Abstract:
"Cinnamon planting is the primary source of income for several regions in Sri Lanka. After locating grown cinnamon trees, the most difficult aspect of the cinnamon harvesting procedure is peeling cinnamon. To identify matured trees using the old approach, expert expertise is required. Otherwise, it may result in cinnamon waste by removing young cinnamon trees. Cinnamon, also known as Cinnamomum Verum, is the second-largest export in Sri Lanka, generating considerable foreign exchange. Sri Lanka is the only country that exports true cinnamon to the global market, true cinnamon has a high demand because its aroma, taste, and health benefits. 90% of the worldwide demand for cinnamon is supplied from Sri Lanka. After eliminating any undesired branches from the gathered stick, the cinnamon bark is peeled off. This is referred to as the peeling process. The cinnamon quills are then created by combining the cinnamon bark, and the interior of the quill is filled with smaller sections of the quill that cannot be rolled.
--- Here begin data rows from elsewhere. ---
text \<open>Lindeberg's product comparison: the characteristic function of the sum is the product of
  those of the summands, each within \<open>|t|\<^sup>3 b \<sigma>\<^sub>j\<^sup>2/6\<close> of \<open>1 - t\<^sup>2\<sigma>\<^sub>j\<^sup>2/2\<close>, which in turn is within
  \<open>\<sigma>\<^sub>j\<^sup>2 t\<^sup>4b\<^sup>2/8\<close> of \<open>exp (-t\<^sup>2\<sigma>\<^sub>j\<^sup>2/2)\<close>.\<close>
lemma (in prob_space) char_sum_indep_bounded_approx:
  fixes Y :: "'i \<Rightarrow> 'a \<Rightarrow> real"
  assumes fin: "finite I" and indep: "indep_vars (\<lambda>_. borel) Y I"
    and sq_int: "\<And>j. j \<in> I \<Longrightarrow> integrable M (\<lambda>\<omega>. (Y j \<omega>)\<^sup>2)"
    and centered: "\<And>j. j \<in> I \<Longrightarrow> expectation (Y j) = 0"
    and unit_var: "(\<Sum>j\<in>I. expectation (\<lambda>\<omega>. (Y j \<omega>)\<^sup>2)) = 1"
    and bounded: "\<And>j. j \<in> I \<Longrightarrow> AE \<omega> in M. \<bar>Y j \<omega>\<bar> \<le> b"
    and small: "t^2 * b^2 \<le> 2"
  shows "cmod (char (distr M borel (\<lambda>\<omega>. \<Sum>j\<in>I. Y j \<omega>)) t - exp (-(t^2)/2))
           \<le> \<bar>t\<bar>^3 * \<bar>b\<bar> / 6 + t^4 * b^2 / 8"
proof -
  have [measurable]: "j \<in> I \<Longrightarrow> Y j \<in> borel_measurable M" for j
    using indep unfolding indep_vars_def2 by auto
  define \<sigma> where "\<sigma> j = expectation (\<lambda>\<omega>. (Y j \<omega>)\<^sup>2)" for j
  define \<psi> where "\<psi> j = char (distr M borel (Y j)) t" for j
  define c where "c j = t^2 * \<sigma> j / 2" for j
  have c_nonneg: "0 \<le> c j" for j unfolding c_def \<sigma>_def by simp
  have c_sum: "(\<Sum>j\<in>I. c j) = t^2/2"
    unfolding c_def using unit_var by (simp add: \<sigma>_def sum_divide_distrib[symmetric] sum_distrib_left[symmetric])
  have b: "0 \<le> b" if "j \<in> I" for j
  proof -
    have "AE \<omega> in M. 0 \<le> b" using bounded[OF that] by eventually_elim (auto intro: order_trans[OF abs_ge_zero])
    thus ?thesis by simp
  qed
  have \<sigma>_le: "\<sigma> j \<le> b^2" if "j \<in> I" for j
  proof -
    have "expectation (\<lambda>\<omega>. (Y j \<omega>)\<^sup>2) \<le> expectation (\<lambda>\<omega>. b^2)"
      by (rule integral_mono_AE)
         (use sq_int that bounded[OF that] b[OF that] in \<open>auto elim!: eventually_mono simp flip: abs_le_square_iff\<close>)
    thus ?thesis by (simp add: \<sigma>_def prob_space)
  qed
  have c_le: "c j \<le> t^2 * b^2 / 2" if "j \<in> I" for j
    unfolding c_def using \<sigma>_le[OF that] by (simp add: mult_left_mono divide_right_mono)
  have factor: "cmod (\<psi> j - complex_of_real (1 - c j)) \<le> \<bar>t\<bar>^3 * b * \<sigma> j / 6" if "j \<in> I" for j
    using char_bounded_centered_approx[OF _ sq_int centered bounded, of j t] that
    by (simp add: \<psi>_def c_def \<sigma>_def)
  have exp_factor: "cmod (complex_of_real (1 - c j) - complex_of_real (exp (- c j))) \<le> c j * (t^2 * b^2 / 4)"
    if "j \<in> I" for j
  proof -
    have "\<bar>exp (- c j) - (1 - c j)\<bar> \<le> c j * c j / 2"
      using exp_minus_second_order_bound[OF c_nonneg] by (simp add: power2_eq_square)
    also have "\<dots> \<le> c j * (t^2 * b^2 / 2) / 2"
      using c_le[OF that] c_nonneg[of j] by (intro divide_right_mono mult_left_mono) auto
    finally show ?thesis by (simp del: of_real_diff add: of_real_diff[symmetric] abs_minus_commute)
  qed
  have norm_\<psi>: "cmod (\<psi> j) \<le> 1" if "j \<in> I" for j
    unfolding \<psi>_def by (rule real_distribution.cmod_char_le_1) (use that in auto)
  have norm_lin: "cmod (complex_of_real (1 - c j)) \<le> 1" if "j \<in> I" for j
    using c_le[OF that] small c_nonneg[of j] by (simp only: norm_of_real abs_le_iff) simp
  have norm_exp: "cmod (complex_of_real (exp (- c j))) \<le> 1" for j
    using c_nonneg[of j] by simp
  have exp_prod: "(\<Prod>j\<in>I. complex_of_real (exp (- c j))) = exp (-(t^2)/2)"
  proof -
    have "(\<Prod>j\<in>I. exp (- c j)) = exp (-(t^2)/2)"
      using fin c_sum by (simp add: exp_sum[symmetric] sum_negf)
    thus ?thesis by (simp flip: of_real_prod)
  qed
  have "cmod (char (distr M borel (\<lambda>\<omega>. \<Sum>j\<in>I. Y j \<omega>)) t - exp (-(t^2)/2))
      \<le> cmod ((\<Prod>j\<in>I. \<psi> j) - (\<Prod>j\<in>I. complex_of_real (1 - c j)))
        + cmod ((\<Prod>j\<in>I. complex_of_real (1 - c j)) - (\<Prod>j\<in>I. complex_of_real (exp (- c j))))"
    unfolding char_distr_sum[OF indep] \<psi>_def[symmetric] exp_prod[symmetric]
    by (metis norm_triangle_ineq diff_add_cancel add_diff_eq)
  also have "\<dots> \<le> (\<Sum>j\<in>I. \<bar>t\<bar>^3 * b * \<sigma> j / 6) + (\<Sum>j\<in>I. c j * (t^2 * b^2 / 4))"
  proof (rule add_mono)
    show "cmod ((\<Prod>j\<in>I. \<psi> j) - (\<Prod>j\<in>I. complex_of_real (1 - c j))) \<le> (\<Sum>j\<in>I. \<bar>t\<bar>^3 * b * \<sigma> j / 6)"
      by (rule order_trans[OF norm_prod_diff sum_mono]) (use norm_\<psi> norm_lin factor in auto)
    show "cmod ((\<Prod>j\<in>I. complex_of_real (1 - c j)) - (\<Prod>j\<in>I. complex_of_real (exp (- c j))))
        \<le> (\<Sum>j\<in>I. c j * (t^2 * b^2 / 4))"
      by (rule order_trans[OF norm_prod_diff sum_mono]) (use norm_lin norm_exp exp_factor in auto)
  qed
  also have "\<dots> = \<bar>t\<bar>^3 * b / 6 * (\<Sum>j\<in>I. \<sigma> j) + (\<Sum>j\<in>I. c j) * (t^2 * b^2 / 4)"
    by (simp add: sum_distrib_left sum_distrib_right sum_divide_distrib)
  also have "\<dots> = \<bar>t\<bar>^3 * b / 6 + t^4 * b^2 / 8"
    using unit_var c_sum by (simp add: \<sigma>_def power4_eq_xxxx power2_eq_square)
  also have "\<dots> \<le> \<bar>t\<bar>^3 * \<bar>b\<bar> / 6 + t^4 * b^2 / 8"
    by (simp add: divide_right_mono mult_left_mono)
  finally show ?thesis .
qed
This study focuses on developing an automated method to detect matured cinnamon trees utilizing image processing techniques that may be utilized to identify matured cinnamon trees without the need for expert knowledge. All the trees chosen for this research are more than three years old. The key parts of this research include image pre-processing, method selection, and the usage of a convolutional neural network to extract data from leaves, followed by prediction of maturity level."